8. Verify slider movement

Goal: Sliding CAPTCHA

  • 1. Positioning buttons
  • 2. Press and hold the slider
  • 3. Slide button
import time
from selenium import webdriver

if __name__ == '__main__':
    chrome_obj = ()
    chrome_obj.get('/demo/2017/unlock/')

    # 1. Position the slide button
    click_obj = chrome_obj.find_element_by_xpath('//div[@class="bar1 bar"]/div[@class="slide-to-unlock-handle"]')

    # 2. Press and hold
    # Create an action chain object, the argument is the browser object
    action_obj = (chrome_obj)

    # Click and hold, the parameter is the button for positioning
    action_obj.click_and_hold(click_obj)

    # Get its width and height
    size_ = click_obj.size
    width_ = 298 - size_['width']  # The width of the frame minus the width of the slider is the distance to the x-axis (to the right).
    print(width_)
    # 3. Position the slide coordinates
    action_obj.move_by_offset(298-width_, 0).perform()

    # 4. Release the slide
    action_obj.release()

    (6)
    chrome_obj.quit()

9. Open multiple windows and page switching

Sometimes there are many sub-tabs in a window. Selenium provides a switch_to_window to do this, and you can find out which page you want to switch to from thedriver.window_handleshit the nail on the head

from selenium import webdriver

if __name__ == '__main__':
    driver = ()

    ("/")
    driver.implicitly_wait(2)
    driver.execute_script("('/')")
    driver.switch_to.window(driver.window_handles[1])

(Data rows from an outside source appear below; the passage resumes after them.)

section \<open>Forests of bounded depth\<close>

lemma depth_lt_if_avoids:
  assumes forest: "is_forest n par" and "avoids n par S" "[1..<k+1] \<in> S" "rev [1..<l+1] \<in> S"
    and "v \<in> {1..n}"
  shows "depth par v < 2 ^ (k + l)"
proof (rule ccontr)
  assume deep: "\<not> ?thesis"
  define cs where "cs = rev (map (\<lambda>i. (par ^^ i) v) [0..<2 ^ (k + l)])"
  have chain: "sorted_wrt (strict_anc par) cs"
    using deep sorted_wrt_strict_anc_iterates by (simp add: cs_def)
  have cs_vertices: "set cs \<subseteq> {1..n}"
  proof
    fix u assume "u \<in> set cs"
    then obtain i where "i < 2 ^ (k + l)" "u = (par ^^ i) v" by (auto simp: cs_def)
    moreover have "(par ^^ i) v \<noteq> 0"
      using calculation(1) deep by (intro funpow_neq_zero_below_depth) simp
    moreover have "(par ^^ i) v \<le> n"
      using \<open>v \<in> {1..n}\<close> by (intro is_forest_funpow_le[OF forest]) simp
    ultimately show "u \<in> {1..n}" by simp
  qed
  have "distinct cs"
    using chain strict_anc_irrefl[OF forest] by (rule distinct_if_sorted_wrt_irrefl)
  then obtain ys where "subseq ys cs"
    and ys: "length ys = k \<and> sorted_wrt (<) ys \<or> length ys = l \<and> sorted_wrt (>) ys"
    using erdos_szekeres[of k l cs] by (auto simp: cs_def)
  then have "sorted_wrt (strict_anc par) ys" "set ys \<subseteq> {1..n}"
    using chain cs_vertices sorted_wrt_subseq set_subseq_subset by blast+
  from ys show False
  proof
    assume "length ys = k \<and> sorted_wrt (<) ys"
    then have "is_instance n par [1..<k+1] ys"
      using \<open>sorted_wrt (strict_anc par) ys\<close> \<open>set ys \<subseteq> {1..n}\<close>
      by (intro is_instance_of_chain) (simp_all add: sorted_wrt_less_nth_less_iff del: upt_Suc)
    then show False using assms(2,3) by (auto simp: avoids_def)
  next
    assume "length ys = l \<and> sorted_wrt (>) ys"
    moreover have "sorted_wrt (>) (rev [1..<l+1])" by (simp add: sorted_wrt_rev del: upt_Suc)
    ultimately have "is_instance n par (rev [1..<l+1]) ys"
      using \<open>sorted_wrt (strict_anc par) ys\<close> \<open>set ys \<subseteq> {1..n}\<close>
      by (intro is_instance_of_chain) (simp_all add: sorted_wrt_greater_nth_less_iff del: upt_Suc)
    then show False using assms(2,4) by (auto simp: avoids_def)
  qed
qed

definition level :: "nat \<Rightarrow> (nat \<Rightarrow> nat) \<Rightarrow> nat \<Rightarrow> nat set" where
  "level n lam j = {u. u \<le> n \<and> lam u = j}"

lemma Pi_zero_positive_iff:
  fixes h :: nat
  assumes "lam \<in> Pi_zero A (\<lambda>_. {1..h})"
  shows "lam u = 0 \<longleftrightarrow> u \<notin> A" "0 < lam u \<longleftrightarrow> u \<in> A"
  using assms by (cases "u \<in> A"; auto simp: Pi_zero_def)+

lemma level_zero: "lam \<in> Pi_zero {1..n} (\<lambda>_. {1..h}) \<Longrightarrow> level n lam 0 = {0}"
  by (auto simp: level_def Pi_zero_positive_iff)

lemma level_pos:
  "0 < j \<Longrightarrow> lam \<in> Pi_zero {1..n} (\<lambda>_. {1..h}) \<Longrightarrow> level n lam j = {u\<in>{1..n}. lam u = j}"
  by (auto simp: level_def Pi_zero_positive_iff)

lemma sum_card_levels:
  assumes "lam \<in> Pi_zero {1..n} (\<lambda>_. {1..h})"
  shows "(\<Sum>j=1..h. card (level n lam j)) = n"
proof -
  have "(\<Sum>j=1..h. card (level n lam j)) = (\<Sum>j=1..h. card {u\<in>{1..n}. lam u = j})"
    using assms by (intro sum.cong refl) (simp add: level_pos)
  also have "\<dots> = n" using assms by (subst sum_card_fibres) (auto simp: Pi_zero_def)
  finally show ?thesis .
qed

lemma card_parents_between_levels:
  assumes "lam \<in> Pi_zero {1..n} (\<lambda>_. {1..h})"
  shows "card (Pi_zero {1..n} (\<lambda>v. level n lam (lam v - 1)))
           = (\<Prod>j=1..h. card (level n lam (j - 1)) ^ card (level n lam j))"
proof -
  have "card (Pi_zero {1..n} (\<lambda>v. level n lam (lam v - 1))) = (\<Prod>v=1..n. card (level n lam (lam v - 1)))"
    by (simp add: card_Pi_zero)
  also have "\<dots> = (\<Prod>j=1..h. card (level n lam (j - 1)) ^ card {u\<in>{1..n}. lam u = j})"
    using assms by (intro prod_eq_prod_power_card_fibres) (auto simp: Pi_zero_def)
  also have "\<dots> = (\<Prod>j=1..h. card (level n lam (j - 1)) ^ card (level n lam j))"
    using assms by (intro prod.cong refl) (simp add: level_pos)
  finally show ?thesis .
qed

definition bounded_depth_forests :: "nat \<Rightarrow> nat \<Rightarrow> (nat \<Rightarrow> nat) set" where
  "bounded_depth_forests h n = {par. is_forest n par \<and> (\<forall>v\<in>{1..n}. depth par v \<le> h)}"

    print(driver.page_source)
 

manipulate

# 1. Get all cookies:
for cookie in driver.get_cookies():
    print(cookie)
# 2. Get the value based on the key of the cookie:
value = driver.get_cookie(key)
# 3. Delete all cookies:
driver.delete_all_cookies()
# 4. Delete a cookie:
driver.delete_cookie(key)
# Add cookie:
driver.add_cookie({"name":"password","value":"111111"})
 

11. Simulate login

Here is an analog login to our school's Registrar's Office:

from  import Chrome

if __name__ == '__main__':
    web = Chrome()
    ('/')
    username = web.find_element_by_id('userAccount')
    username.send_keys('xxxxxxx') # Here's your student number
    password = web.find_element_by_id('userPassword')
    password.send_keys('xxxxxxx') # Here's your password
    btn = web.find_element_by_xpath('//*[@]/li[4]/button')
    ()
    # do something

 

Since there's no slider or anything to validate, it's pretty simple qwq. then just do your own manipulation later.

12. Advantages and disadvantages

selenium can execute js on the page, for js rendered data and simulation of login processing is very easy.
selenium is very inefficient due to the number of requests it sends in the process of fetching a page, so it needs to be used with discretion in many cases.

To this article on Python-Selenium automated crawler is introduced to this article, more related Selenium automated crawler content please search for my previous articles or continue to browse the following related articles I hope you will support me in the future!